Page 1 of 1

Error with renderer after exporting

Posted: Wed Nov 30, 2011 10:52 am
by Pandekage
After exporting a scene into Indigo, the scene loads like it's supposed to, but the screen remains black for a VERY long time. During this period the computer becomes very slow, much slower than when it used to work. Then, an error prompt pops up:

"ObjectExcep: Exception while building tree: EBH Build failure, too many triangles in leaf."

This started happening out of nowhere; I already had one render going, and I was only tweaking materials. This error essentially stops me from rendering further. However, I can still render, but with other Sketchup files, but not the one I need. Any ideas?

I found a topic on here from 2010, which suggested smoothing faces or whatnot. How would I do that? And I mean a step by step walkthrough, because I am pretty clueless at all this. Thanks!

I can also attach the Sketchup file in question if anyone wants to test it out.

Re: Error with renderer after exporting

Posted: Wed Nov 30, 2011 11:14 am
by CTZn
Pandekage wrote:I found a topic on here from 2010, which suggested smoothing faces
This.

http://www.indigorenderer.com/forum/vie ... 50#p111650

Re: Error with renderer after exporting

Posted: Wed Nov 30, 2011 12:45 pm
by Pandekage
Okay, I wasn't sure exactly what part of my model needed smoothing, so I just selected everything, right-clicked, and smoothed edges and coplanars (dragged the slider to 180).

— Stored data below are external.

(* Let $D\in\mathbb{Z}_{\le0}$ and let $d\ge1$ be an integer coprime to $D$. Then for every $s\in\mathbb{Z}^n$ with $D\equiv\frac12qS^{-1}[s]\pmod{qd}$, the vector $$\xi=\left(\frac{\frac12qS^{-1}[s]-D}{qd},\ S^{-1}s,\ d\right)^t\in\mathbb{Q}^{n+2}$$ belongs to $L_0\!\left[-\frac Dq,\frac12\mathbb{Z}\right]$, i.e. $\phi_0[\xi]=-\frac Dq$ and $\{\phi_0(\xi,y):y\in\mathbb{Z}^{n+2}\}=\frac12\mathbb{Z}$.
   Context: $S$ is an even positive definite symmetric integral $n\times n$ matrix ($n\ge1$), $A[B]=B^tAB$, and $q$ is the least positive integer with $\frac12qS^{-1}[r]\in\mathbb{Z}$ for all $r\in\mathbb{Z}^n$. $S_0=\begin{pmatrix}0&0&1\\0&-S&0\\1&0&0\end{pmatrix}$, $\phi_0(x,y)=\frac12x^tS_0y$ on $V_0=\mathbb{Q}^{n+2}$, $\phi_0[x]=\phi_0(x,x)$, $L_0=\mathbb{Z}^{n+2}$. For $c\in\mathbb{Q}^\times$ and a fractional ideal $\mathfrak b$ of $\mathbb{Q}$, $L_0[c,\mathfrak b]=\{x\in V_0:\phi_0[x]=c,\ \phi_0(x,L_0)=\mathfrak b\}$, where $\phi_0(x,L_0)$ is the set (a fractional ideal) $\{\phi_0(x,y):y\in L_0\}$. *)

theory Defs
  imports "Jordan_Normal_Form.Matrix" "HOL-Number_Theory.Cong"
begin

definition qf :: "'a::comm_ring_1 mat \<Rightarrow> 'a vec \<Rightarrow> 'a" where
  "qf A x = x \<bullet> (A *\<^sub>v x)"

definition Sinv :: "int mat \<Rightarrow> rat mat" where
  "Sinv S = (THE T. T \<in> carrier_mat (dim_row S) (dim_row S) \<and>
                    map_mat rat_of_int S * T = 1\<^sub>m (dim_row S))"

definition even_pos_def :: "nat \<Rightarrow> int mat \<Rightarrow> bool" where
  "even_pos_def n S \<longleftrightarrow> S \<in> carrier_mat n n \<and> transpose_mat S = S \<and>
     (\<forall>i<n. even (S $$ (i,i))) \<and>
     (\<forall>x :: real vec. x \<in> carrier_vec n \<and> x \<noteq> 0\<^sub>v n \<longrightarrow> qf (map_mat real_of_int S) x > 0)"

definition level :: "int mat \<Rightarrow> nat" where
  "level S = (LEAST q::nat. q > 0 \<and>
     (\<forall>r :: int vec. r \<in> carrier_vec (dim_row S) \<longrightarrow>
        (1/2) * of_nat q * qf (Sinv S) (map_vec rat_of_int r) \<in> \<int>))"

text \<open>S_0 = ((0,0,1),(0,-S,0),(1,0,0)), an (n+2)x(n+2) matrix.\<close>
definition S0 :: "int mat \<Rightarrow> int mat" where
  "S0 S = (let n = dim_row S in
     mat (n+2) (n+2) (\<lambda>(i,j).
       if (i = 0 \<and> j = n+1) \<or> (i = n+1 \<and> j = 0) then 1
       else if 1 \<le> i \<and> i \<le> n \<and> 1 \<le> j \<and> j \<le> n then - S $$ (i-1, j-1)
       else 0))"

definition phi0 :: "int mat \<Rightarrow> rat vec \<Rightarrow> rat vec \<Rightarrow> rat" where
  "phi0 S x y = (1/2) * (x \<bullet> (map_mat rat_of_int (S0 S) *\<^sub>v y))"

text \<open>L_0[c, b] = {x in Q^{n+2}. phi0[x] = c, phi0(x, L_0) = b}, L_0 = Z^{n+2}.\<close>
definition L0 :: "int mat \<Rightarrow> rat \<Rightarrow> rat set \<Rightarrow> rat vec set" where
  "L0 S c b = {x. x \<in> carrier_vec (dim_row S + 2) \<and> phi0 S x x = c \<and>
      {phi0 S x (map_vec rat_of_int y) | y :: int vec. y \<in> carrier_vec (dim_row S + 2)} = b}"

The render still doesn't work. Any other ideas are appreciated...these renders are due tomorrow :(

Re: Error with renderer after exporting

Posted: Wed Nov 30, 2011 9:21 pm
by CTZn
You will have to disable shape smoothing if you can not get the meshes fixed: probably some smoothed surfaces are detached and lack therefore the tension to maintain their shape, collapsing into clusters too dense.

Another eventuality is that displaced geometries may have a wrong size upon export, this one is purely speculative though.

Did you happen to try with the lowest subdivision value (1) ?

Probably coplanars should be avoided, even more if hey have different materials applied. If they have the same material applied they could make a mess if displaced.